Display which test in the if/else is failing


 
Thread Tools Search this Thread
Top Forums Shell Programming and Scripting Display which test in the if/else is failing
# 1  
Old 01-21-2011
Display which test in the if/else is failing

So I have a script that monitors my drives (/dev/sda and /dev/sdb) using smartctl (smartmontools). I'm by no means an expert in scripting, so this was my attempt at creating a way to email me if one of the values in smartctl output goes above a set threshold.

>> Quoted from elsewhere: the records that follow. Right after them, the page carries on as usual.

(* Atomic propositions: a finite type 'p (so P = UNIV :: 'p set, finite).
   Letters of the alphabet 2^P are values of type 'p set. *)

datatype 'p atomic = AProp 'p | ANot "'p atomic" | AOr "'p atomic" "'p atomic"

fun sem_atomic :: "'p atomic \<Rightarrow> 'p set set" where
  "sem_atomic (AProp p) = {A. p \<in> A}"
| "sem_atomic (ANot x) = UNIV - sem_atomic x"
| "sem_atomic (AOr x y) = sem_atomic x \<union> sem_atomic y"

datatype 'p rexp = Eps | Atom "'p atomic" | Plus "'p rexp" "'p rexp"
  | Conc "'p rexp" "'p rexp" | Star "'p rexp"

(* matching relation  w[i,j) |- rho  on a (finite or infinite) word given as a
   function from positions to letters *)
inductive matches :: "(nat \<Rightarrow> 'p set) \<Rightarrow> nat \<Rightarrow> nat \<Rightarrow> 'p rexp \<Rightarrow> bool" where
  m_eps: "matches w i i Eps"
| m_atom: "w i \<in> sem_atomic x \<Longrightarrow> matches w i (Suc i) (Atom x)"
| m_plus1: "matches w i j r1 \<Longrightarrow> matches w i j (Plus r1 r2)"
| m_plus2: "matches w i j r2 \<Longrightarrow> matches w i j (Plus r1 r2)"
| m_conc: "\<lbrakk>i \<le> k; k \<le> j; matches w i k r1; matches w k j r2\<rbrakk> \<Longrightarrow> matches w i j (Conc r1 r2)"
| m_star0: "matches w i i (Star r)"
| m_starS: "\<lbrakk>i < k; k \<le> j; matches w i k r; matches w k j (Star r)\<rbrakk> \<Longrightarrow> matches w i j (Star r)"

definition lang :: "'p rexp \<Rightarrow> 'p set list set" where
  "lang r = {w. matches (\<lambda>n. w ! n) 0 (length w) r}"

definition lasso :: "'a list \<Rightarrow> 'a list \<Rightarrow> nat \<Rightarrow> 'a" where
  "lasso u v n = (if n < length u then u ! n else v ! ((n - length u) mod length v))"

type_synonym 'a dfa = "nat set \<times> nat \<times> (nat \<Rightarrow> 'a \<Rightarrow> nat) \<times> nat set"

definition is_dfa :: "'a dfa \<Rightarrow> bool" where
  "is_dfa A = (case A of (Q, q0, \<delta>, F) \<Rightarrow>
     finite Q \<and> q0 \<in> Q \<and> F \<subseteq> Q \<and> (\<forall>q\<in>Q. \<forall>a. \<delta> q a \<in> Q))"

definition dfa_lang :: "'a dfa \<Rightarrow> 'a list set" where
  "dfa_lang A = (case A of (Q, q0, \<delta>, F) \<Rightarrow> {w. foldl \<delta> q0 w \<in> F})"

definition dfa_states :: "'a dfa \<Rightarrow> nat set" where
  "dfa_states A = fst A"

definition min_dfa_size :: "'a list set \<Rightarrow> nat" where
  "min_dfa_size L = (LEAST n. \<exists>A. is_dfa A \<and> dfa_lang A = L \<and> card (dfa_states A) = n)"

end

theory Submission
  imports Defs
begin

(* Read the minimal DFA for L(rho) along u v^omega starting at position i: rho matches [i,k)
   iff the state reached after position k is accepting.  Past |u| the word has period |v|, so
   if j > |u| + m |v| then among the m + 1 positions j - m|v|, ..., j - |v|, j two are reached
   in the same state; cutting out the segment between them, whose length is a multiple of |v|,
   leaves the rest of the word unchanged and yields a shorter match ending at a position
   congruent to j.  The minimal DFA exists because a regular language has only finitely many
   left quotients (Brzozowski derivatives), and these are the states of a DFA for it. *)

definition conc :: "'a list set \<Rightarrow> 'a list set \<Rightarrow> 'a list set" where
  "conc A B = {a @ b | a b. a \<in> A \<and> b \<in> B}"

inductive_set star :: "'a list set \<Rightarrow> 'a list set" for A where
  star_Nil: "[] \<in> star A"
| star_append: "a \<in> A \<Longrightarrow> y \<in> star A \<Longrightarrow> a @ y \<in> star A"

fun sem_rexp :: "'p rexp \<Rightarrow> 'p set list set" where
  "sem_rexp Eps = {[]}"
| "sem_rexp (Atom x) = {[a] | a. a \<in> sem_atomic x}"
| "sem_rexp (Plus r s) = sem_rexp r \<union> sem_rexp s"
| "sem_rexp (Conc r s) = conc (sem_rexp r) (sem_rexp s)"
| "sem_rexp (Star r) = star (sem_rexp r)"

lemma map_upt_append:
  "i \<le> k \<Longrightarrow> k \<le> j \<Longrightarrow> map w [i..<j] = map w [i..<k] @ map w [k..<j]"
  by (metis le_add_diff_inverse upt_add_eq_append map_append)

lemma map_upt_eq_append:
  assumes "map w [i..<j] = a @ b" and "i \<le> j"
  shows "i + length a \<le> j \<and> map w [i..<i + length a] = a \<and> map w [i + length a..<j] = b"
proof -
  have k: "i + length a \<le> j"
    using arg_cong[OF assms(1), of length] assms(2) by simp
  then have "map w [i..<i + length a] @ map w [i + length a..<j] = a @ b"
    using assms map_upt_append[of i "i + length a" j w] by simp
  with k show ?thesis
    by (subst (asm) append_eq_append_conv) auto
qed

lemma matches_imp_sem_rexp: "matches w i j r \<Longrightarrow> i \<le> j \<and> map w [i..<j] \<in> sem_rexp r"
proof (induction rule: matches.induct)
  case (m_conc i k j w r1 r2)
  then show ?case
    using map_upt_append[of i k j w] by (auto simp: conc_def)
next
  case (m_starS i k j w r)
  then show ?case
    using map_upt_append[of i k j w] by (auto intro: star_append)
qed (auto intro: star_Nil)

lemma sem_rexp_imp_matches: "i \<le> j \<Longrightarrow> map w [i..<j] \<in> sem_rexp r \<Longrightarrow> matches w i j r"
proof (induction r arbitrary: i j)
  case Eps
  then show ?case
    by (auto intro: matches.intros)
next
  case (Atom x)
  then obtain a where a: "map w [i..<j] = [a]" "a \<in> sem_atomic x"
    by auto
  moreover have "j = Suc i"
    using arg_cong[OF a(1), of length] by simp
  ultimately show ?case
    by (auto intro: matches.intros)
next
  case (Plus r1 r2)
  then show ?case
    by (auto intro: matches.intros)
next
  case (Conc r1 r2)
  then obtain a b where ab: "map w [i..<j] = a @ b" "a \<in> sem_rexp r1" "b \<in> sem_rexp r2"
    by (auto simp: conc_def)
  with map_upt_eq_append[OF ab(1) Conc.prems(1)] Conc.IH show ?case
    by (intro m_conc[of i "i + length a"]) auto
next
  case (Star r)
  have "matches w i j (Star r)" if "x \<in> star (sem_rexp r)" "map w [i..<j] = x" "i \<le> j" for x
    using that
  proof (induction x arbitrary: i rule: star.induct)
    case star_Nil
    then show ?case
      using m_star0 by fastforce
  next
    case (star_append a y)
    note split = map_upt_eq_append[OF star_append.prems]
    show ?case
    proof (cases "a = []")
      case True
      with star_append show ?thesis
        by simp
    next
      case False
      with split star_append Star.IH show ?thesis
        by (intro m_starS[of i "i + length a"]) auto
    qed
  qed
  with Star.prems show ?case
    by simp
qed

lemma matches_iff_sem_rexp: "matches w i j r \<longleftrightarrow> i \<le> j \<and> map w [i..<j] \<in> sem_rexp r"
  using matches_imp_sem_rexp sem_rexp_imp_matches by blast

lemma lang_eq_sem_rexp: "lang r = sem_rexp r"
  by (auto simp: lang_def matches_iff_sem_rexp map_nth)

lemma star_append_star: "x \<in> star A \<Longrightarrow> y \<in> star A \<Longrightarrow> x @ y \<in> star A"
  by (induction x rule: star.induct) (auto intro: star.intros)

lemma append_in_star_split:
  assumes "w @ x \<in> star A" and "w \<noteq> []"
  shows "\<exists>w1 w2 x1 x2. w = w1 @ w2 \<and> w1 \<in> star A \<and> x = x1 @ x2 \<and> w2 @ x1 \<in> A \<and> x2 \<in> star A"
  using assms
proof (induction "w @ x" arbitrary: w x rule: star.induct)
  case star_Nil
  then show ?case by simp
next
  case (star_append a y)
  obtain us where "a = w @ us \<and> us @ y = x \<or> a @ us = w \<and> y = us @ x"
    using \<open>a @ y = w @ x\<close> append_eq_append_conv2[of a y w x] by blast
  then consider (inside) "a = w @ us" "x = us @ y" | (beyond) "w = a @ us" "y = us @ x" "us \<noteq> []"
    by (cases "us = []") auto
  then show ?case
  proof cases
    case inside
    with star_append.hyps(1,2) show ?thesis
      by (intro exI[of _ "[]"] exI[of _ w] exI[of _ us] exI[of _ y]) (simp add: star.star_Nil)
  next
    case beyond
    then obtain w1 w2 x1 x2 where "us = w1 @ w2" "w1 \<in> star A" "x = x1 @ x2"
        "w2 @ x1 \<in> A" "x2 \<in> star A"
      using star_append.hyps(3) by blast
    with beyond star_append.hyps(1) show ?thesis
      by (intro exI[of _ "a @ w1"] exI[of _ w2] exI[of _ x1] exI[of _ x2]) (simp add: star.star_append)
  qed
qed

My question is, I'm trying to edit the "Subject" line of the email that it sends, so that I can tell which 'test' is failing. Is it temperature_celsius, etc? Is there a way to name each one and then use a variable like $failedtest in the subject line?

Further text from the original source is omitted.